A few days before we left, we took the bus up to Maha Naina Devi Temple an altitude of 1650 feet above the town (6,000 feet above sea level). The views of the Himalayas was unprecedented. Our legs felt the downhill walk back to town.
Two days before we moved on, Marion and Jurgen left for Delhi on their return to Germany. It was a sad farewell.
Flying toward Kathmandu, the line of snow-capped mountains on the horizon looked more like a bank of clouds in the blue sky. But then we dipped down for landing into a blanket of smog. Once on the ground, we were glad of our face masks. Traffic was heavy, with mostly motorbikes, but unlike in India, Nepalis don’t sit on their horns. The level of street noise was more bearable for my now noise-sensitive ears. The population has exploded like in India.
Happy at leaving Varanasi before Holi (not our favorite festival), only to find the Nepalis also celebrating. Youth and children roamed the streets throwing color until evening when things calmed down. We should’t have been surprised since Hinduism and Buddhism are practiced side by side in Nepal. Buddhist statues sit alongside Hindu deities at all the monuments.
Nine years ago, just before the 2015 earthquake, we came here not knowing what to expect. How could we have known history would come alive through the architectural wonder of Durbar Square in both Patan and Kathmandu? We were apprehensive about returning, to face the devastation coupled with reports of increased crime and prostitution in Kathmandu. But we didn’t see it and were glad to be back.
Thamel, where the budget hotels are located, is still a rabbit warren of narrow cobblestoned streets. Tourists and trekkers seem way down but maybe because the season hasn’t started yet. Everybody seems to be on the hustle but you can’t blame them; tourism and so much else hasn’t recovered since the earthquake.
Gerard asked a few locals where they were when the earthquake hit. Among those we spoke to, no one knew anyone who died. Today the city is still a mix between empty lots and construction. In spite of foreign aid pouring in, it’s rumored that rebuilding didn’t start for years. One explanation: “If we did the repair work, the money would stop coming.” But there are other reasons including lack of organization and finding skilled artisans..
Still vibrating with the impressions of Varanasi, Durbar Square with its intricate architecture and wood carving required a cultural shift in our attention. Even though this was our second visit, the beauty of this 3rdC Royal Palace complex was a feast for our eyes and in much better condition than we’d expected.
Next day we waited for the drizzle to stop, then climbed up the 365 steps to the Swayambhunath or Monkey Temple.
Nine years ago, the steps were of no consequence. So many changes during those years. Surprisingly, the hundreds of stone deities of both religions surrounding the large Buddhist stupa, escaped unscathed.
Unfortunately the nearby Patan Durbar wasn’t as restored as Kathmandu because either it suffered more damage or has taken longer to recover. It was hard to see the deterioration of what had impressed us so much before—some of the finest Newari temples and palaces in Nepal.
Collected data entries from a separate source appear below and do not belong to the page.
lemma Con_alg_mem_if_gap_covered:
  fixes \<theta> :: "(('a \<Rightarrow> bool) \<times> ('a \<Rightarrow> bool)) set"
  assumes \<theta>: "\<theta> \<in> Con_alg A E_join E_meet Fs u"
    and "finite P" "P \<subseteq> \<theta>" "p \<in> A" "q \<in> A" "\<forall>x. p x \<longrightarrow> q x"
    and "\<forall>x. q x \<and> \<not> p x \<longrightarrow> (\<exists>(\<gamma>, \<delta>)\<in>P. \<gamma> x \<noteq> \<delta> x)"
  shows "(p, q) \<in> \<theta>"
  using assms(2-)
proof (induction P arbitrary: p q rule: finite_induct)
  case empty
  then have "p = q" by blast
  with empty show ?case using Con_alg_refl[OF \<theta>] by simp
next
  case (insert r P)
  obtain \<gamma> \<delta> where r: "r = (\<gamma>, \<delta>)" by fastforce
  have \<gamma>\<delta>: "(\<gamma>, \<delta>) \<in> \<theta>" using insert.prems(1) r by blast
  have \<delta>\<delta>: "(\<delta>, \<delta>) \<in> \<theta>"
    using Con_alg_refl[OF \<theta>] Con_alg_memD[OF \<theta> \<gamma>\<delta>] by blast
  have "E_meet \<delta> \<delta> = \<delta>" "E_join \<delta> \<delta> = \<delta>"
    by (simp_all add: E_meet_def E_join_def)
  then have "(E_meet \<gamma> \<delta>, \<delta>) \<in> \<theta>" "(E_join \<gamma> \<delta>, \<delta>) \<in> \<theta>"
    using Con_alg_meet[OF \<theta> \<gamma>\<delta> \<delta>\<delta>] Con_alg_join[OF \<theta> \<gamma>\<delta> \<delta>\<delta>] by simp_all
  then have meet_join: "(E_meet \<gamma> \<delta>, E_join \<gamma> \<delta>) \<in> \<theta>"
    by (metis Con_alg_sym Con_alg_trans \<theta>)
  \<comment> \<open>p \<le> r' \<le> s' \<le> q with (r', s') \<in> \<theta>; the two outer gaps lie where \<gamma> = \<delta>,
    so the smaller family P covers them.\<close>
  define r' where "r' = E_meet q (E_join p (E_meet \<gamma> \<delta>))"
  define s' where "s' = E_meet q (E_join p (E_join \<gamma> \<delta>))"
  have r's': "(r', s') \<in> \<theta>"
    unfolding r'_def s'_def
    by (intro Con_alg_meet[OF \<theta>] Con_alg_join[OF \<theta>] Con_alg_refl[OF \<theta>] insert.prems meet_join)
  have "(p, r') \<in> \<theta>"
  proof (rule insert.IH)
    show "\<forall>x. r' x \<and> \<not> p x \<longrightarrow> (\<exists>(\<gamma>, \<delta>)\<in>P. \<gamma> x \<noteq> \<delta> x)"
      using insert.prems(5) r by (auto simp: r'_def E_meet_def E_join_def)
  qed (use insert.prems Con_alg_memD[OF \<theta> r's'] in \<open>auto simp: r'_def E_meet_def E_join_def\<close>)
  moreover have "(s', q) \<in> \<theta>"
  proof (rule insert.IH)
    show "\<forall>x. q x \<and> \<not> s' x \<longrightarrow> (\<exists>(\<gamma>, \<delta>)\<in>P. \<gamma> x \<noteq> \<delta> x)"
      using insert.prems(5) r by (auto simp: s'_def E_meet_def E_join_def)
  qed (use insert.prems Con_alg_memD[OF \<theta> r's'] in \<open>auto simp: s'_def E_meet_def E_join_def\<close>)
  ultimately show ?case
    using r's' by (metis Con_alg_trans \<theta>)
qed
Posters around the complex boasted the involvement of Germany, Japan, China etc., then why is it taking so long compared to Kathmandu?
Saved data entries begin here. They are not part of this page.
(* Let $G$ be the final graph of the uncoordinated construction (described in the context) on a set $P\subset\mathbb{R}^d$ of $n$ points with parameter $s>1$, let $\alpha$ be the aspect ratio of $P$, and let $\mathcal{W}=\{(P_i,Q_i)\}_{i=1}^m$ be the corresponding greedy WSPD, i.e. one pair $(B_r(p),B_r(q))$ with $r=|pq|/(2s+2)$ for each edge $pq$ of $G$. Then $\sum_{i=1}^m(|P_i|+|Q_i|)=O(n s^d\lg\alpha)$, where the implied constant depends only on $d$. Consequently the total number of messages in the distributed construction (described in the context) is $O(n s^d\lg\alpha)$.
   Context: Fix $d\ge 1$; $|xy|$ is Euclidean distance; $\lg$ is logarithm base 2; $B_r(p)=\{x\in P:|px|\le r\}$. The aspect ratio is $\alpha=\max_{u,v\in P}|uv|/\min_{u\ne v\in P}|uv|$. Uncoordinated construction: start with the graph $G$ on vertex set $P$ with no edges. Every ordered pair $(p,q)$ of distinct points of $P$ is processed exactly once, in an arbitrary order, one at a time. When $(p,q)$ is processed, the edge $pq$ is added to $G$ unless $G$ currently contains an edge whose endpoints can be labeled $p',q'$ with $|pp'|\le |p'q'|/(2s+2)$ and $|qq'|\le |p'q'|/(2s+2)$. $G$ is the graph after all pairs are processed. Distributed message model: whenever an edge $pq$ is built, one message is sent to each node of $B_r(p)$ and one to each node of $B_r(q)$, with $r=|pq|/(2s+2)$, informing it of the edge; so building $pq$ costs $|B_r(p)|+|B_r(q)|$ messages, and no other messages are counted. *)

theory Defs
  imports "HOL-Analysis.Analysis"
begin

definition ballP :: "'a::metric_space set \<Rightarrow> 'a \<Rightarrow> real \<Rightarrow> 'a set" where
  "ballP P p r = {x \<in> P. dist p x \<le> r}"

definition rad :: "real \<Rightarrow> 'a::metric_space \<Rightarrow> 'a \<Rightarrow> real" where
  "rad s p q = dist p q / (2 * s + 2)"

definition covers :: "real \<Rightarrow> 'a::metric_space \<times> 'a \<Rightarrow> 'a \<times> 'a \<Rightarrow> bool" where
  "covers s e pq = (dist (fst pq) (fst e) \<le> rad s (fst e) (snd e) \<and>
                    dist (snd pq) (snd e) \<le> rad s (fst e) (snd e))"

definition blocked :: "real \<Rightarrow> ('a::metric_space \<times> 'a) set \<Rightarrow> 'a \<times> 'a \<Rightarrow> bool" where
  "blocked s E pq = (\<exists>e\<in>E. covers s e pq \<or> covers s (snd e, fst e) pq)"

definition edge_cost :: "'a::metric_space set \<Rightarrow> real \<Rightarrow> 'a \<times> 'a \<Rightarrow> nat" where
  "edge_cost P s e = card (ballP P (fst e) (rad s (fst e) (snd e)))
                   + card (ballP P (snd e) (rad s (fst e) (snd e)))"

(* processing one ordered pair; state = (edges built so far, messages sent so far).
   Edges are stored as the ordered pair (p,q) that was processed when built. *)
definition uc_step :: "'a::metric_space set \<Rightarrow> real \<Rightarrow> ('a \<times> 'a) set \<times> nat \<Rightarrow> 'a \<times> 'a
                      \<Rightarrow> ('a \<times> 'a) set \<times> nat" where
  "uc_step P s st pq = (if blocked s (fst st) pq then st
                        else (insert pq (fst st), snd st + edge_cost P s pq))"

definition uc_run :: "'a::metric_space set \<Rightarrow> real \<Rightarrow> ('a \<times> 'a) list \<Rightarrow> ('a \<times> 'a) set \<times> nat" where
  "uc_run P s L = foldl (uc_step P s) ({}, 0) L"

definition uc_edges :: "'a::metric_space set \<Rightarrow> real \<Rightarrow> ('a \<times> 'a) list \<Rightarrow> ('a \<times> 'a) set" where
  "uc_edges P s L = fst (uc_run P s L)"

definition uc_messages :: "'a::metric_space set \<Rightarrow> real \<Rightarrow> ('a \<times> 'a) list \<Rightarrow> nat" where
  "uc_messages P s L = snd (uc_run P s L)"

(* greedy WSPD: one pair (B_r(p), B_r(q)) per edge pq; sum of |P_i|+|Q_i| *)
definition wspd_size :: "'a::metric_space set \<Rightarrow> real \<Rightarrow> ('a \<times> 'a) set \<Rightarrow> nat" where
  "wspd_size P s E = (\<Sum>e\<in>E. card (ballP P (fst e) (rad s (fst e) (snd e)))
                             + card (ballP P (snd e) (rad s (fst e) (snd e))))"

definition aspect_ratio :: "'a::metric_space set \<Rightarrow> real" where
  "aspect_ratio P = Max {dist u v | u v. u \<in> P \<and> v \<in> P} /
                    Min {dist u v | u v. u \<in> P \<and> v \<in> P \<and> u \<noteq> v}"

end

theory Submission
  imports Defs
begin

text \<open>No two edges of \<open>G\<close> cover each other, since
  the later one would have been blocked by the earlier. Sort the edges into dyadic length classes;
  there are at most \<open>lg \<alpha> + 1\<close> of them, and within a class radii differ by a factor at most 2, so two
  edges of one class whose corresponding endpoints are closer than the class radius \<open>\<delta>\<close> would cover
  each other. Hence the edges of one class whose first ball contains a fixed point \<open>x\<close> are pairs with
  components in balls around \<open>x\<close> of radii \<open>2\<delta>\<close> and \<open>(4s+6)\<delta>\<close> that are \<open>\<delta>\<close>-separated, and a grid
  argument bounds their number by \<open>O(s^d)\<close>. Counting the incidences between points and balls
  point by point gives \<open>O(n s^d lg \<alpha>)\<close>, and the messages sent are exactly these incidences.\<close>

definition grid_cell :: "real \<Rightarrow> 'a::euclidean_space \<Rightarrow> 'a \<Rightarrow> int" where
  "grid_cell h y = restrict (\<lambda>b. \<lfloor>(y \<bullet> b) / h\<rfloor>) Basis"

lemma dist_lt_if_grid_cell_eq:
  fixes y z :: "'a::euclidean_space" and h :: real
  assumes h: "h > 0" and eq: "grid_cell h y = grid_cell h z"
  shows "dist y z < real DIM('a) * h"
proof -
  have coord: "\<bar>(y - z) \<bullet> b\<bar> < h" if b: "b \<in> Basis" for b
  proof -
    have "\<lfloor>(y \<bullet> b) / h\<rfloor> = \<lfloor>(z \<bullet> b) / h\<rfloor>"
      using eq b unfolding grid_cell_def by (metis restrict_apply')
    then have "\<bar>(y \<bullet> b) / h - (z \<bullet> b) / h\<bar> < 1" by linarith
    with h show ?thesis by (simp add: inner_diff_left diff_divide_distrib[symmetric] abs_divide)
  qed
  have "dist y z \<le> (\<Sum>b\<in>Basis. \<bar>(y - z) \<bullet> b\<bar>)"
    unfolding dist_norm by (rule norm_le_l1)
  also have "\<dots> < (\<Sum>b\<in>(Basis::'a set). h)"
    by (rule sum_strict_mono) (auto simp: coord)
  finally show ?thesis by simp
qed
Thankfully, the Patan Museum, with financial help from Austria, has reopened its gilded entryway and still contains a wonderful collection of Newari sculptures and artifacts.
We weren’t prepared for all the changes in Varanasi. Perhaps they seemed more extreme after three years’ absence. Getting from the airport to the ghats through the clogged streets was a major feat, our taxi took twice the time. We crawled along, directing the driver to our familiar way of entering the ghat through the Moslem quarter. The hotel we’d booked online was a mistake–the photographs were totally misleading, it was a dump! But fortunately we found another literally next door. Under renovation, we were able to book an unfinished but nice room for a bargain.
We quickly dropped our bags and hustled out to embrace Mother Ganges. There she was in all her splendor. But wait! What is happening on the sandbar across the river? A young Indian boy seeing our perplexed expression, said, “How do you like our Tent City?” A mass of white tents are lined up like an army barracks, a protective fence surrounding the ‘compound.’ Gerard asked the boy, “Who wants to stay in a tent in the blazing sun?” He replied, “The same people who will pay up to 4K rupees a night.” We all had a good laugh.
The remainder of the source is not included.